==== Data for the task ====

text \<open>(a) The support of a causal model of reduct P I is a model of the GL reduct:
  if all positive body atoms are nonzero, the body contains the top graph, hence so
  does the head.\<close>
lemma support_gl_model:
  assumes interp: "causal_interp K" and model: "is_causal_model (reduct P I) K"
  shows "gl_model (gl_reduct (unlabel P) (support I)) (support K)"
  unfolding gl_model_def
proof (clarify)
  fix H Bs assume r: "(H, Bs) \<in> gl_reduct (unlabel P) (support I)" and sub: "Bs \<subseteq> support K"
  then obtain t B where tB: "(t, H, B) \<in> P" and neg: "\<forall>q. Neg q \<in> set B \<longrightarrow> I q = {}"
    and Bs: "Bs = {p. Pos p \<in> set B}" by (auto simp: gl_reduct_unlabel_iff)
  have "UNIV \<in> lit_val K L" if "L \<in> set (filter is_pos B)" for L
  proof -
    from that have mem: "L \<in> set B" and pos: "is_pos L" by simp_all
    show ?thesis
    proof (cases L)
      case (Pos p)
      then have "K p \<noteq> {}" using mem sub Bs by (auto simp: support_def)
      then show ?thesis using Pos interp causal_value_UNIV[of "K p"] by (simp add: lit_val_def causal_interp_def)
    next
      case (Neg p)
      then show ?thesis using pos by (simp add: is_pos_def)
    qed
  qed
  then have "UNIV \<in> body_val K (filter is_pos B)"
    unfolding body_val_def using UNIV_in_cgraphs by blast
  moreover have "vprod (body_val K (filter is_pos B)) (tag_val t) \<subseteq> K H"
    using model reduct_memI[OF tB neg] unfolding is_causal_model_def by blast
  ultimately show "H \<in> support K" using UNIV_in_vprod by (auto simp: support_def)
qed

====

Required work
Set all the data down again, exactly as it reads above.

Response
text \<open>(a) The support of a causal model of reduct P I is a model of the GL reduct:
  if all positive body atoms are nonzero, the body contains the top graph, hence so
  does the head.\<close>
lemma support_gl_model:
  assumes interp: "causal_interp K" and model: "is_causal_model (reduct P I) K"
  shows "gl_model (gl_reduct (unlabel P) (support I)) (support K)"
  unfolding gl_model_def
proof (clarify)
  fix H Bs assume r: "(H, Bs) \<in> gl_reduct (unlabel P) (support I)" and sub: "Bs \<subseteq> support K"
  then obtain t B where tB: "(t, H, B) \<in> P" and neg: "\<forall>q. Neg q \<in> set B \<longrightarrow> I q = {}"
    and Bs: "Bs = {p. Pos p \<in> set B}" by (auto simp: gl_reduct_unlabel_iff)
  have "UNIV \<in> lit_val K L" if "L \<in> set (filter is_pos B)" for L
  proof -
    from that have mem: "L \<in> set B" and pos: "is_pos L" by simp_all
    show ?thesis
    proof (cases L)
      case (Pos p)
      then have "K p \<noteq> {}" using mem sub Bs by (auto simp: support_def)
      then show ?thesis using Pos interp causal_value_UNIV[of "K p"] by (simp add: lit_val_def causal_interp_def)
    next
      case (Neg p)
      then show ?thesis using pos by (simp add: is_pos_def)
    qed
  qed
  then have "UNIV \<in> body_val K (filter is_pos B)"
    unfolding body_val_def using UNIV_in_cgraphs by blast
  moreover have "vprod (body_val K (filter is_pos B)) (tag_val t) \<subseteq> K H"
    using model reduct_memI[OF tB neg] unfolding is_causal_model_def by blast
  ultimately show "H \<in> support K" using UNIV_in_vprod by (auto simp: support_def)
qed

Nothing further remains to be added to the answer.